Buying and selling of children is a form of slavery as they often end up in forced labour, prostitution, abuse and other unhappy circumstances. Buddhism, however, is not against legal and proper adoption of children. In difficult circumstances, such as the children being abused or becoming orphans, they should be given proper care, protection (such as becoming wards of the state), and education.

Source: Right Livelihood by Piya Tan

It was common to have slaves in India at the time. Not too long ago there were prominent US presidents also who owned slaves and also a civil war over slavery. This again was a cultural norm than do with Buddhism. The Buddha also might have seen at that time any radical change might have not been possible, hence resorted to saying being good to slaves as this will have a wider and practical impact. If you look at the Sutta on the layman's precepts early Suttas did not have any reference to taking intoxicated. This was before all the major kings and tycoons were his disciples and it was acceptable in the higher classes to have a small drink. Introducing this prematurely would have put off possibly some people from the Dhamma. But once established and society and Kings and tycoons became receptive, the Buddha did bring in the 5th precept. (E.g. Sigalovada Sutta only has the 4.) Likewise saying no to slavery may have triggered a reaction something akin to the US Civil on weighing the benefits of such against spreading the benefits of the Dhamma he would have thought saying be good to your slaves would resulted in overall maximising benefit to slaves and society at large. Even prominent disciples like Anathapindika, Visakha owned slaves but when the masters were receptive to the Dhamma and they got established they became good towards others including their slaves, the benefits flowed to the slaves also.

Some advice Vishaka was given from her father, also a follower of the Dhamma, included:

Before taking her food, a wife should first see that her parents-in-law and husband are served. She should also make sure that his servants are well cared for.

Before going to sleep, a wife should see that all doors are closed, furniture is safe, servants have performed their duties, and that parents-in-law have retired. As a rule, a wife should rise early in the morning and unless she is sick, she should not sleep during the day.

Source: Life of the Buddha - Visakha, Great Female Supporter

By mentioning something not in tune to the times and culture present those days would have made people less receptive to the Dhamma and would have reduced the benefits the slaves and society would have potentially got. There are accounts that both male and female slaves have also benefited from the Dhamma.

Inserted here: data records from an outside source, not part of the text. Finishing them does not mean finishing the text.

lemma discrete_equilibrium_quartic:
  assumes "0 < h"
  shows "discrete_equilibrium mixed_exp_discount (quartic_reward k) (\<lambda>_. 0) h 0 0"
  unfolding discrete_equilibrium_def
proof (intro allI impI)
  fix \<alpha> \<beta> :: real and i :: nat
  assume \<alpha>: "\<alpha> \<in> {0..1}" and \<beta>: "\<beta> \<in> {0..1}" and i: "i \<in> {1,2}"
  define T where "T = (\<Sum>n. mixed_exp_discount (real (Suc n) * h))"
  have summable: "summable (\<lambda>n. mixed_exp_discount (real n * h))"
    using assms by (rule summable_mixed_exp_discount)
  have sum: "(\<Sum>n. mixed_exp_discount (real n * h)) = 1 + T"
    using suminf_split_head[OF summable] by (simp add: T_def mixed_exp_discount_def)
  have "0 \<le> T"
    unfolding T_def using summable_Suc_iff[THEN iffD2, OF summable]
    by (rule suminf_nonneg) (simp add: mixed_exp_discount_def add_nonneg_nonneg)
  have hT: "h * T \<le> 3/4"
    unfolding T_def using assms by (rule mixed_exp_discount_sampled_tail_le)
  show "dVcat mixed_exp_discount (quartic_reward k) (\<lambda>_. 0) h \<alpha> \<beta> 0 0 i
      \<le> dV mixed_exp_discount (quartic_reward k) (\<lambda>_. 0) h 0 0 i"
  proof (cases "i = 1")
    case True
    define x where "x = \<alpha> / h"
    define P where "P = x\<^sup>2 * (x / 2 - k)\<^sup>2"
    have \<alpha>_eq: "\<alpha> = x * h" and "0 \<le> x"
      using assms \<alpha> by (auto simp: x_def)
    have quartic: "quartic_reward k x = - 1 - 3/4 * x - P"
      by (simp add: quartic_reward_eq P_def)
    have dV: "dV mixed_exp_discount (quartic_reward k) (\<lambda>_. 0) h 0 0 i = - h * (1 + T)"
      using True by (simp add: dV_stay[OF summable] sum reward_rate_def)
    have dVcat: "dVcat mixed_exp_discount (quartic_reward k) (\<lambda>_. 0) h \<alpha> \<beta> 0 0 i
        = h * quartic_reward k x + h * (\<alpha> - 1) * T"
      using True
      by (simp add: dVcat_stay[OF summable, folded T_def] reward_rate_def dstep_def
          mixed_exp_discount_def[of 0] x_def)
    have "x * (h * T) \<le> x * (3/4)"
      using hT \<open>0 \<le> x\<close> by (rule mult_left_mono)
    then have "0 \<le> h * (3/4 * x - x * (h * T) + P)"
      using assms by (simp add: P_def)
    also have "\<dots> = - h * (1 + T) - (h * quartic_reward k x + h * (\<alpha> - 1) * T)"
      by (simp add: quartic \<alpha>_eq algebra_simps)
    finally show ?thesis
      unfolding dV dVcat by simp
  next
    case False
    have "0 \<le> h * \<beta> * T"
      using assms \<beta> \<open>0 \<le> T\<close> by (intro mult_nonneg_nonneg) auto
    with False i show ?thesis
      by (simp add: dV_stay[OF summable] dVcat_stay[OF summable, folded T_def] reward_rate_def dstep_def)
  qed
qed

Also if the trade of slaves is discouraged so does the ability for one to acquire and build a large base of slaves.


I think you are mistaking servant for slave.

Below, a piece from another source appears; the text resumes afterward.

(* Let $\ell\ge 3$ be an integer, $\mathcal F=\{K_4,C_5,C_6,C_7,B_\ell\}$, and let $G$ be a graph. If $G$ contains one of the configurations (D2), (D3), (D5)–(D12) below and $H$ is the subgraph of $G$ induced by its vertices, then $H$ is enhanced weakly $(\mathcal F,4)$-boundary-reducible in $G$ with reduced part $R=V(H)$ (for a suitable nonempty $\mathrm{Fix}(H)\subseteq V(H)$). (D2) a triangle $T(3,3,3)$ or $T(3,3,4)$. (D3) $D_1=\mathrm{Dia}(6-3,4,3)$ and $D_2=\mathrm{Dia}(6-3,4,4)$ sharing their middle $6$-vertex and no other vertex. (D5) $\mathrm{Dia}(4-5,3,3)$. (D6) $\mathrm{Dia}(4-3,4,4)$. (D7) $\mathrm{Dia}(5-3,4,4)$ together with a $3$-vertex outside it adjacent to its middle $5$-vertex. (D8) $\mathrm{Dia}(5-5,3,3)$ together with a $3$-vertex outside it adjacent to one of its middle $5$-vertices. (D9) three $3$-vertices $u,v,w$ with $uv,vw\in E(G)$ and $uw\notin E(G)$. (D10) $\mathrm{Dia}(5-3,4,3)$. (D11) $T(5,3,3)$ together with a $3$-vertex outside it adjacent to its $5$-vertex. (D12) two triangles $T(6,3,3)$ sharing their $6$-vertex and no other vertex.
   Context: $B_\ell$ is the book on $\ell$ vertices: an edge $xy$ plus $\ell-2$ further vertices each adjacent to exactly $x$ and $y$. All degrees are degrees in $G$; a $d$-vertex is a vertex of degree exactly $d$. $T(a,b,c)$ is a triangle with vertex degrees $a,b,c$. A diamond is a subgraph isomorphic to $K_4$ minus an edge; its two vertices of degree $3$ in it are middle vertices, the other two side vertices; $\mathrm{Dia}(a-b,c,d)$ is a diamond with middle vertex degrees $a,b$ and side vertex degrees $c,d$. For an induced subgraph $H$ of $G$ and $\emptyset\ne R\subseteq V(H)$, $\deg_R(v)$ is the degree of $v$ in $G[R]$. A set $I\subseteq V(H)$ is $\mathcal F$-free if adding to $H$ a new vertex adjacent exactly to $I$ creates no subgraph isomorphic to a member of $\mathcal F$. For $f:R\to\mathbb Z$, an $f$-assignment is a list assignment $L$ on $R$ with $|L(v)|\ge f(v)$; $f\downarrow v$ is $f$ changed to value $1$ at $v$; $1_I$ is the indicator of $I$. $H$ is enhanced weakly $(\mathcal F,k)$-boundary-reducible in $G$ with reduced part $R$ if there is a nonempty $\mathrm{Fix}(H)\subseteq R$ such that (FIX) every $v\in\mathrm{Fix}(H)$ satisfies $\deg_G(v)-\deg_R(v)\le k-3$ and $H[R]$ is properly $L$-colorable for every $((k-\deg_G+\deg_R)\downarrow v)$-assignment $L$; and (FORB) for every $\mathcal F$-free $I\subseteq R$ with $|I|\le k-3$, $H[R]$ is properly $L$-colorable for every $(k-\deg_G+\deg_R-1_I)$-assignment $L$. *)

theory Defs
  imports Main
begin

In five ways should a master minister to his servants and employees

(i) by assigning them work according to their ability,

(ii) by supplying them with food and with wages,

(iii) by tending them in sickness,

(iv) by sharing with them any delicacies,

(v) by granting them leave.

- Singalovada Sutta

This neither fits the description of a master-slave relationship nor does it involve any human trafficking. Therefore, it doesn't come under wrong livelihood.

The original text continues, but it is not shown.